Since a device may automatically close an implicitly open zone when
writing to an empty or closed zone, if the total number of open zones
has reached the device limit, the BLK_ZONE_COND_IMP_OPEN and
BLK_ZONE_COND_CLOSED zone conditions cannot be precisely tracked. To
overcome this, the zone condition BLK_ZONE_COND_ACTIVE is introduced to
represent a zone that has the condition BLK_ZONE_COND_IMP_OPEN,
BLK_ZONE_COND_EXP_OPEN or BLK_ZONE_COND_CLOSED.  This follows the
definition of an active zone as defined in the NVMe Zoned Namespace
specifications. As such, for a zoned device that has a limit on the
maximum number of open zones, we will never have more zones in the
BLK_ZONE_COND_ACTIVE condition than the device limit. This is compatible
with the SCSI ZBC and ATA ZAC specifications for SMR HDDs as these
devices do not have a limit on the number of active zones.

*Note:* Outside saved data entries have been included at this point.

theorem proposition6p1:
  fixes G :: "'g monoid" and X :: "'x monoid"
    and act :: "'g \<Rightarrow> 'x \<Rightarrow> 'x" and d :: "'x \<Rightarrow> 'g"
    and \<omega> :: "'x \<Rightarrow> 'x \<Rightarrow> 'x \<Rightarrow> 'k::field_char_0"
    and \<gamma> :: "'g \<Rightarrow> 'g \<Rightarrow> 'x \<Rightarrow> 'k" and \<mu> :: "'g \<Rightarrow> 'x \<Rightarrow> 'x \<Rightarrow> 'k"
    and c :: "'x \<Rightarrow> 'x \<Rightarrow> 'k"
  assumes "alg_closed_field TYPE('k)"
    and "finite_crossed_module G X act d"
    and "quasi_abelian_3_cocycle G X act d \<omega> \<gamma> \<mu> c"
    and "normalized_cocycle G X \<omega> \<gamma> \<mu> c"
  shows "qt_quasi_hopf_algebra (H_basis G X) (H_sc G X act \<gamma>) (H_unit G X)
           (H_dc G X \<mu>) (H_ep G X) (H_Phi G X \<omega>)
           (H_sm G X act \<gamma> \<mu>) (H_unit G X) (H_beta G X \<omega>) (H_R G X d c)"
proof -
  interpret crossed_module_cocycle G X act d \<omega> \<gamma> \<mu> c
    using assms(2-4) by unfold_locales
  show ?thesis by (rule H_qt_quasi_hopf)
qed

end
(* For every integer $r\ge1$, $\mathrm{Var}(\mu^{(r)})\ge\frac b4\lambda(r)$.
   Context: Fix an integer $b\ge2$. For $n\in\mathbb{N}$ with base-$b$ digits $n_k$, $s(n):=\sum_kn_k$. For $r,n\in\mathbb{N}$, $\Delta^{(r)}(n):=s(n+r)-s(n)$, and $\mu^{(r)}(d):=\lim_{N\to\infty}\frac1N|\{n<N:\Delta^{(r)}(n)=d\}|$ for $d\in\mathbb{Z}$; these limits exist and $\mu^{(r)}$ is a probability measure on $\mathbb{Z}$ with finite moments; $\mathrm{Var}(\mu^{(r)})$ is its variance. Blocks: write the expansion of $r\ge1$ as the digit string $r_\ell\cdots r_0$, $r_\ell\neq0$. A block is either a maximal run of consecutive $0$ digits (a block of $0$'s), or a maximal run of consecutive digits equal to $b-1$, or (when $b\ge3$) a single digit with value in $\{1,\dots,b-2\}$. $\lambda(r)$ is the number of blocks of $r$ that are not blocks of $0$'s (non-zero blocks). *)

theory Defs
  imports "HOL-Analysis.Analysis"
begin

definition digit :: "nat \<Rightarrow> nat \<Rightarrow> nat \<Rightarrow> nat" where
  "digit b n k = n div b ^ k mod b"

text \<open>Base-b digit sum; for b \<ge> 2 all digits at positions k > n vanish since b^k > n.\<close>
definition digsum :: "nat \<Rightarrow> nat \<Rightarrow> int" where
  "digsum b n = int (\<Sum>k\<le>n. digit b n k)"

definition Delta :: "nat \<Rightarrow> nat \<Rightarrow> nat \<Rightarrow> int" where
  "Delta b r n = digsum b (n + r) - digsum b n"

definition mu :: "nat \<Rightarrow> nat \<Rightarrow> int \<Rightarrow> real" where
  "mu b r d = lim (\<lambda>N. real (card {n. n < N \<and> Delta b r n = d}) / real N)"

definition variance_int :: "(int \<Rightarrow> real) \<Rightarrow> real" where
  "variance_int p = (\<Sum>\<^sub>\<infinity>d. (real_of_int d)^2 * p d) - (\<Sum>\<^sub>\<infinity>d. real_of_int d * p d)^2"

text \<open>lambda(r): number of non-zero blocks of the base-b expansion of r, counted by
  their starting (least significant) positions: a non-zero digit at position k starts a
  new block unless k > 0, it equals b-1 and the digit at position k-1 is also b-1
  (digits in {1..b-2} are singleton blocks; maximal runs of b-1 form one block).\<close>
definition lambda_blocks :: "nat \<Rightarrow> nat \<Rightarrow> nat" where
  "lambda_blocks b r = card {k. digit b r k \<noteq> 0 \<and>
      (k = 0 \<or> digit b r k \<noteq> b - 1 \<or> digit b r (k - 1) \<noteq> b - 1)}"

end

theory Submission
  imports Defs
begin

(* Fix m = b^K > r and write n = t + m q with t < m. If t + r < m then Delta b r n depends on t only;
   otherwise it equals a value depending on t, plus 1 - (b - 1) J, where J, the number of trailing
   digits b - 1 of q, is geometrically distributed with ratio 1/b on every residue class. Hence mu is an
   explicit mixture; its mean is the average of the low parts, which vanishes, and its variance is
   the mean square low_variance b r K of the low parts plus b r / m. Appending digit K to the low
   part raises low_variance by the average of w (b - w), where w <= b is digit K of r plus the
   incoming carry. A digit of r in {1..b-2} thus raises it by at least b - 1, and a digit b - 1 that
   starts a block above a 0 by at least (b - 1)^2 / b >= b / 4. *)

section \<open>Digit sums\<close>

lemma less_power_self: "(b::nat) \<ge> 2 \<Longrightarrow> n < b ^ n"
  using less_exp[of n] power_mono[of 2 b n] by linarith

lemma digit_eq_0_if_less: "n < b ^ k \<Longrightarrow> digit b n k = 0"
  by (simp add: digit_def)

lemma digsum_eq_sum_lessThan:
  assumes "b \<ge> 2" "n < b ^ M"
  shows "digsum b n = int (\<Sum>k<M. digit b n k)"
proof -
  have zero: "digit b n k = 0" if "M \<le> k \<or> n < k" for k
  proof (rule digit_eq_0_if_less)
    have "b ^ M \<le> b ^ k" if "M \<le> k" using that assms(1) by (intro power_increasing) auto
    moreover have "n < b ^ k" if "n < k"
      using less_power_self[OF assms(1), of k] that by (meson less_trans less_exp)
    ultimately show "n < b ^ k" using that assms(2) by fastforce
  qed
  have "(\<Sum>k\<le>n. digit b n k) = (\<Sum>k<max M (Suc n). digit b n k)"
    by (rule sum.mono_neutral_left) (use zero in \<open>fastforce simp: not_le\<close>)+
  also have "\<dots> = (\<Sum>k<M. digit b n k)"
    by (rule sum.mono_neutral_right) (use zero in \<open>fastforce simp: not_le\<close>)+
  finally show ?thesis by (simp add: digsum_def)
qed

lemma digsum_less_base: "b \<ge> 2 \<Longrightarrow> x < b \<Longrightarrow> digsum b x = int x"
  using digsum_eq_sum_lessThan[of b x 1] by (simp add: digit_def)

lemma digsum_mod_div:
  assumes "b \<ge> 2"
  shows "digsum b n = int (n mod b) + digsum b (n div b)"
proof -
  have n: "n < b ^ Suc n"
    using less_power_self[OF assms, of n] assms by (simp add: less_le_trans)
  then have "n div b < b ^ n"
    by (simp add: less_mult_imp_div_less mult.commute)
  have "digsum b n = int (\<Sum>k<Suc n. digit b n k)"
    by (rule digsum_eq_sum_lessThan[OF assms n])
  also have "(\<Sum>k<Suc n. digit b n k) = digit b n 0 + (\<Sum>k<n. digit b n (Suc k))"
    by (rule sum.lessThan_Suc_shift)
  also have "\<dots> = n mod b + (\<Sum>k<n. digit b (n div b) k)"
    by (simp add: digit_def div_mult2_eq)
  also have "int \<dots> = int (n mod b) + digsum b (n div b)"
    using digsum_eq_sum_lessThan[OF assms \<open>n div b < b ^ n\<close>] by simp
  finally show ?thesis .
qed

lemma digsum_add_mult_power:
  assumes "b \<ge> 2" "x < b ^ K"
  shows "digsum b (x + b ^ K * q) = digsum b x + digsum b q"
  using assms(2)
proof (induction K arbitrary: x)
  case 0
  then show ?case by (simp add: digsum_def digit_def)
next
  case (Suc K)
  have "x div b < b ^ K"
    using Suc.prems assms(1) by (simp add: div_less_iff_less_mult mult.commute)
  then have "digsum b (x div b + b ^ K * q) = digsum b (x div b) + digsum b q"
    by (rule Suc.IH)
  moreover have "(x + b ^ Suc K * q) mod b = x mod b" "(x + b ^ Suc K * q) div b = x div b + b ^ K * q"
    using assms(1) by (simp_all add: mult.assoc)
  ultimately show ?case
    using digsum_mod_div[OF assms(1), of "x + b ^ Suc K * q"] digsum_mod_div[OF assms(1), of x]
    by simp
qed

section \<open>Carries\<close>

lemma div_less_if_mod_eq_pred: "(b::nat) \<ge> 2 \<Longrightarrow> q mod b = b - 1 \<Longrightarrow> q div b < q"
  by (cases "q = 0") (auto intro: div_less_dividend)

(* carry_count b q is the number of trailing digits b - 1 of q, i.e. the number of carries in q + 1. *)
function carry_count :: "nat \<Rightarrow> nat \<Rightarrow> nat" where
  "carry_count b q = (if 2 \<le> b \<and> q mod b = b - 1 then Suc (carry_count b (q div b)) else 0)"
  by auto
termination
proof (relation "Wellfounded.measure snd")
  fix b q :: nat
  assume "2 \<le> b \<and> q mod b = b - 1"
  then show "((b, q div b), b, q) \<in> Wellfounded.measure snd"
    using div_less_if_mod_eq_pred by simp
qed auto

declare carry_count.simps [simp del]

lemma dvd_Suc_iff_mod_eq: "(m::nat) > 0 \<Longrightarrow> m dvd Suc q \<longleftrightarrow> q mod m = m - 1"
  by (simp add: dvd_eq_mod_eq_0 mod_Suc) arith

lemma Suc_eq_mult_if_mod_eq:
  assumes "b > 0" "q mod b = b - 1"
  shows "Suc q = b * Suc (q div b)"
  using assms div_mult_mod_eq[of q b] by (simp add: algebra_simps)

lemma digsum_Suc_carry_count:
  assumes "b \<ge> 2"
  shows "digsum b (Suc q) + int (b - 1) * int (carry_count b q) = digsum b q + 1"
proof (induction q rule: less_induct)
  case (less q)
  show ?case
  proof (cases "q mod b = b - 1")
    case True
    then have "digsum b (Suc (q div b)) + int (b - 1) * int (carry_count b (q div b))
        = digsum b (q div b) + 1"
      using assms by (intro less.IH div_less_if_mod_eq_pred)
    moreover have "digsum b (Suc q) = digsum b (Suc (q div b))"
      using digsum_mod_div[OF assms, of "Suc q"] Suc_eq_mult_if_mod_eq[OF _ True] assms by simp
    moreover have "digsum b q = int (b - 1) + digsum b (q div b)"
      using digsum_mod_div[OF assms, of q] True by simp
    ultimately show ?thesis
      using True assms by (simp add: carry_count.simps algebra_simps)
  next
    case False
    then have "Suc (q mod b) < b"
      using mod_less_divisor[of b q] assms by linarith
    then have "Suc q mod b = Suc (q mod b)" "Suc q div b = q div b"
      by (simp_all add: mod_Suc div_Suc)
    then show ?thesis
      using digsum_mod_div[OF assms, of "Suc q"] digsum_mod_div[OF assms, of q] False
      by (simp add: carry_count.simps)
  qed
qed

lemma power_dvd_Suc_iff_le_carry_count:
  assumes "b \<ge> 2"
  shows "b ^ j dvd Suc q \<longleftrightarrow> j \<le> carry_count b q"
proof (induction j arbitrary: q)
  case 0
  then show ?case by simp
next
  case (Suc j)
  show ?case
  proof (cases "q mod b = b - 1")
    case True
    have "Suc q = b * Suc (q div b)"
      using Suc_eq_mult_if_mod_eq[OF _ True] assms by simp
    then have "b ^ Suc j dvd Suc q \<longleftrightarrow> b * b ^ j dvd b * Suc (q div b)"
      by (simp only: power_Suc)
    also have "\<dots> \<longleftrightarrow> b ^ j dvd Suc (q div b)"
      using assms by (simp only: nat_mult_dvd_cancel_disj) simp
    finally show ?thesis
      using Suc.IH True assms by (simp add: carry_count.simps)
  next
    case False
    then have "\<not> b dvd Suc q"
      using dvd_Suc_iff_mod_eq[of b q] assms by simp
    then have "\<not> b ^ Suc j dvd Suc q"
      using dvd_mult_left by auto
    then show ?thesis
      using False by (simp add: carry_count.simps)
  qed
qed
lemma conv_coset_prod:
  assumes n: "0 < n" and q: "0 < q" and d: "d < n" and d': "d' < n"
  shows "conv (wreath n q) (coset_prod n q d w) (coset_prod n q d' w') =
         coset_prod n q ((d + d') mod n) (\<lambda>i b. cyclic_conv q (w ((i + d') mod n)) (w' i) b)"
proof
  fix x
  let ?s = "\<lambda>i. (i + d') mod n"
  show "conv (wreath n q) (coset_prod n q d w) (coset_prod n q d' w') x =
      coset_prod n q ((d + d') mod n) (\<lambda>i b. cyclic_conv q (w (?s i)) (w' i) b) x"
  proof (cases "x \<in> carrier (wreath n q)")
    case False
    then show ?thesis by (simp add: conv_def coset_prod_def)
  next
    case True
    then obtain e u where eu: "(e, u) \<in> wr_pairs n q" "x = wr_enc n (e, u)" by (auto simp: wreath_carrier)
    let ?F = "\<lambda>i b. w (?s i) b * w' i ((u i + q - b) mod q)"
    have "conv (wreath n q) (coset_prod n q d w) (coset_prod n q d' w') x =
        (\<Sum>v\<in>wr_vecs n q. (\<Prod>i<n. w i (v i)) *
          coset_prod n q d' w' (inv\<^bsub>wreath n q\<^esub> (wr_enc n (d, v)) \<otimes>\<^bsub>wreath n q\<^esub> wr_enc n (e, u)))"
      using conv_coset_prod_left[OF n q d True] unfolding eu(2) .
    also have "\<dots> = (\<Sum>v\<in>wr_vecs n q. (\<Prod>i<n. w i (v i)) *
        (if e = (d + d') mod n then \<Prod>i<n. w' i ((u i + q - v (?s i)) mod q) else 0))"
      by (rule sum.cong) (simp_all add: coset_prod_inv_mult[OF n q d d' _ eu(1)])
    also have "\<dots> = (if e = (d + d') mod n
        then \<Sum>v\<in>wr_vecs n q. (\<Prod>i<n. w i (v i)) * (\<Prod>i<n. w' i ((u i + q - v (?s i)) mod q)) else 0)"
      by (cases "e = (d + d') mod n") simp_all
    also have "(\<Sum>v\<in>wr_vecs n q. (\<Prod>i<n. w i (v i)) * (\<Prod>i<n. w' i ((u i + q - v (?s i)) mod q))) =
        (\<Sum>v\<in>wr_vecs n q. \<Prod>i<n. ?F i (v (?s i)))"
    proof (rule sum.cong)
      fix v
      have "(\<Prod>i<n. w i (v i)) = (\<Prod>i<n. w (?s i) (v (?s i)))"
        using prod.reindex_bij_betw[OF bij_betw_mod_shift[OF d'], of "\<lambda>i. w i (v i)"] by simp
      then show "(\<Prod>i<n. w i (v i)) * (\<Prod>i<n. w' i ((u i + q - v (?s i)) mod q)) = (\<Prod>i<n. ?F i (v (?s i)))"
        by (simp add: prod.distrib)
    qed simp
    also have "\<dots> = (\<Sum>v\<in>wr_vecs n q. \<Prod>i<n. ?F i (v i))"
      by (rule sum_wr_vecs_rotate[OF d'])
    also have "\<dots> = (\<Prod>i<n. \<Sum>b<q. ?F i b)"
      by (simp add: wr_vecs_def prod_sum_PiE)
    also have "(if e = (d + d') mod n then \<Prod>i<n. \<Sum>b<q. ?F i b else 0) =
        coset_prod n q ((d + d') mod n) (\<lambda>i b. cyclic_conv q (w (?s i)) (w' i) b) x"
      using True wr_dec_enc[OF eu(1)] by (simp add: coset_prod_def eu(2)[symmetric] cyclic_conv_def)
    finally show ?thesis .
  qed
qed

text \<open>As a function on \<open>\<int>\<^sub>q\<close>, \<open>pattern q j i\<close> is \<open>\<sigma>\<^sub>i\<close> for \<open>i = j\<close> and \<open>q - \<sigma>\<^sub>i\<close> otherwise,
  so \<open>munit n q i j\<close> is \<open>E\<^sub>i\<^sub>j\<close>.\<close>

definition pattern :: "nat \<Rightarrow> nat \<Rightarrow> nat \<Rightarrow> nat \<Rightarrow> int" where
  "pattern q j i b = (if i = j then 0 else int q) * (if b = 0 then 1 else 0) + (if i = j then 1 else -1)"

definition munit :: "nat \<Rightarrow> nat \<Rightarrow> nat \<Rightarrow> nat \<Rightarrow> nat \<Rightarrow> int" where
  "munit n q i j = coset_prod n q ((i + n - j) mod n) (pattern q j)"

lemma mod_sub_eq_0_iff:
  assumes b: "b < q" and c: "c < (q::nat)"
  shows "((b + q - c) mod q = 0 \<longleftrightarrow> c = b)"
proof (cases "c \<le> b")
  case True
  then have e: "b + q - c = (b - c) + q" by simp
  have "b - c < q" using b by linarith
  then have "(b + q - c) mod q = b - c" unfolding e mod_add_self2 by (rule mod_less)
  then show ?thesis using True by linarith
next
  case False
  then have "b + q - c < q" using c by linarith
  then have "(b + q - c) mod q = b + q - c" by (rule mod_less)
  then show ?thesis using False c by linarith
qed

lemma cyclic_conv_affine:
  assumes b: "b < q"
  shows "cyclic_conv q (\<lambda>c. \<alpha> * (if c = 0 then 1 else 0) + \<beta>) (\<lambda>c. \<gamma> * (if c = 0 then 1 else 0) + \<epsilon>) b =
         \<alpha> * \<gamma> * (if b = 0 then 1 else 0) + \<alpha> * \<epsilon> + \<beta> * \<gamma> + \<beta> * \<epsilon> * int q"
proof -
  have q: "0 < q" using b by simp
  have "cyclic_conv q (\<lambda>c. \<alpha> * (if c = 0 then 1 else 0) + \<beta>) (\<lambda>c. \<gamma> * (if c = 0 then 1 else 0) + \<epsilon>) b =
        (\<Sum>c<q. (\<alpha> * (if c = 0 then 1 else 0) + \<beta>) * (\<gamma> * (if c = b then 1 else 0) + \<epsilon>))"
    unfolding cyclic_conv_def by (rule sum.cong) (simp_all add: mod_sub_eq_0_iff[OF b])
  also have "\<dots> = (\<Sum>c<q. (if c = 0 then \<alpha> * \<gamma> * (if b = 0 then 1 else 0) else 0))
                 + (\<Sum>c<q. (if c = 0 then \<alpha> * \<epsilon> else 0))
                 + (\<Sum>c<q. (if c = b then \<beta> * \<gamma> else 0)) + (\<Sum>c<q. \<beta> * \<epsilon>)"
  proof -
    have "(\<alpha> * (if c = 0 then 1 else 0) + \<beta>) * (\<gamma> * (if c = b then 1 else 0) + \<epsilon>) =
      (if c = 0 then \<alpha> * \<gamma> * (if b = 0 then 1 else 0) else 0) + (if c = 0 then \<alpha> * \<epsilon> else 0)
      + (if c = b then \<beta> * \<gamma> else 0) + \<beta> * \<epsilon>" for c
      by (cases "c = 0"; cases "c = b") (simp_all add: algebra_simps)
    then show ?thesis by (simp only: sum.distrib)
  qed
  also have "\<dots> = \<alpha> * \<gamma> * (if b = 0 then 1 else 0) + \<alpha> * \<epsilon> + \<beta> * \<gamma> + \<beta> * \<epsilon> * int q"
    using b q by (simp add: sum.delta)
  finally show ?thesis .
qed

lemma pattern_affine: "pattern q j a = (\<lambda>c. (if a = j then 0 else int q) * (if c = 0 then 1 else 0) + (if a = j then 1 else -1))"
  by (simp add: pattern_def fun_eq_iff)

lemma cyclic_conv_pattern:
  assumes "b < q"
  shows "cyclic_conv q (pattern q j a) (pattern q l a') b =
         (if a = j \<and> a' = l then int q else if a \<noteq> j \<and> a' \<noteq> l then int q * pattern q l a' b else 0)"
  unfolding pattern_affine[of q j a] pattern_affine[of q l a'] cyclic_conv_affine[OF assms]
  by (auto simp: pattern_def algebra_simps)
lemma transfer_map_in_chain_order_pts:
  assumes y: "y \<in> order_pts"
  shows "transfer_map y \<in> chain_order_pts"
  unfolding chain_order_pts_iff
proof (intro conjI allI ballI impI)
  fix p
  assume "p \<notin> P - A"
  then show "transfer_map y p = 0"
    using order_pts_zero[OF y] U2_subset unfolding transfer_map_def by auto
next
  fix p assume p: "p \<in> P - A"
  obtain q where "q \<in> below p" "Max (ext_marking y ` below p) = ext_marking y q"
    using Max_below_attained[OF p] by blast
  then have "Max (ext_marking y ` below p) \<in> \<int>"
    using ext_marking_nonneg_Ints[of y q] order_pts_nonneg_Ints[OF y] unfolding below_def by auto
  then show "transfer_map y p \<in> \<int>" "0 \<le> transfer_map y p"
    using Max_below_le[OF y p] order_pts_nonneg_Ints[OF y p] unfolding transfer_map_def by auto
next
  fix p q assume "p \<in> A \<union> U1" "q \<in> A \<union> U1" "rel p q" "p \<notin> A \<or> q \<notin> A"
  then show "ext_marking (transfer_map y) p \<le> ext_marking (transfer_map y) q"
    using order_pts_mono[OF y] A_subset U1_subset A_Un_U1_not_U2 ext_marking_transfer_map by auto
next
  fix ps a b
  assume "U2_chain ps \<and> a \<in> A \<union> U1 \<and> b \<in> A \<union> U1 \<and> rel b (hd ps) \<and> rel (last ps) a"
  then show "sum_list (map (transfer_map y) ps)
      \<le> ext_marking (transfer_map y) a - ext_marking (transfer_map y) b"
    using transfer_map_chain_bound[OF y, of ps b a] A_subset U1_subset A_Un_U1_not_U2
      ext_marking_transfer_map by auto
next
  fix ps q assume chain: "U2_chain ps \<and> q \<in> U1 \<and> rel (last ps) q"
  then obtain b where b: "b \<in> P" "rel b (hd ps)"
    using U2_chain_hd below_nonempty unfolding below_def by blast
  have "0 \<le> ext_marking y b"
    using ext_marking_nonneg_Ints[of y b] order_pts_nonneg_Ints[OF y] b by auto
  moreover have "ext_marking y q = transfer_map y q"
    using chain U1_subset U1_U2_disjoint unfolding ext_marking_def transfer_map_def by auto
  ultimately show "sum_list (map (transfer_map y) ps) \<le> transfer_map y q"
    using transfer_map_chain_bound[OF y, of ps b q] chain b U1_subset by auto
qed

lemma card_chain_order_pts: "card chain_order_pts = card order_pts"
proof -
  have "bij_betw transfer_map order_pts chain_order_pts"
    using transfer_map_in_chain_order_pts transfer_inv_in_order_pts
      transfer_inv_transfer_map transfer_map_transfer_inv
    by (intro bij_betw_byWitness[where f' = transfer_inv]) auto
  then show ?thesis
    by (simp add: bij_betw_same_card)
qed

end

theorem theorem3p1:
  fixes P A U1 U2 :: "'a set" and rel :: "'a \<Rightarrow> 'a \<Rightarrow> bool" and lam :: "'a \<Rightarrow> nat"
  assumes "marked_poset P rel A"
    and "admissible_decomp P rel A U1 U2"
  shows "\<forall>n::nat. card (lattice_points_CO P rel A (\<lambda>a. n * lam a) U1 U2)
           = card (lattice_points_CO P rel A (\<lambda>a. n * lam a) (P - A) {})"
proof
  fix n :: nat
  interpret decomposed_marked_poset P A U1 U2 rel "\<lambda>a. n * lam a"
    using assms by unfold_locales
  show "card (lattice_points_CO P rel A (\<lambda>a. n * lam a) U1 U2)
      = card (lattice_points_CO P rel A (\<lambda>a. n * lam a) (P - A) {})"
    by (rule card_chain_order_pts)
qed

end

The function disk_zone_wplug_set_wp_offset() is modified to use the new
helper disk_zone_wplug_update_cond() to update a zone write plug
condition whenever a zone write plug write offset is updated on
submission or merging of write BIOs to a zone.

The functions blk_zone_reset_bio_endio(), blk_zone_reset_all_bio_endio()
and blk_zone_finish_bio_endio() are modified to update the condition of
the zones targeted by reset, reset_all and finish operations, either
using though disk_zone_wplug_set_wp_offset() for zones that have a
zone write plug, or using the disk_zone_set_cond() helper to update the
zones_cond array of the disk for zones that do not have a zone write
plug.

When a zone write plug is removed from the disk hash table (when the
zone becomes empty or full), the condition of struct blk_zone_wplug is
used to update the disk zones_cond array. Conversely, when a zone write
plug is added to the disk hash table, the zones_cond array is used to
initialize the zone write plug condition.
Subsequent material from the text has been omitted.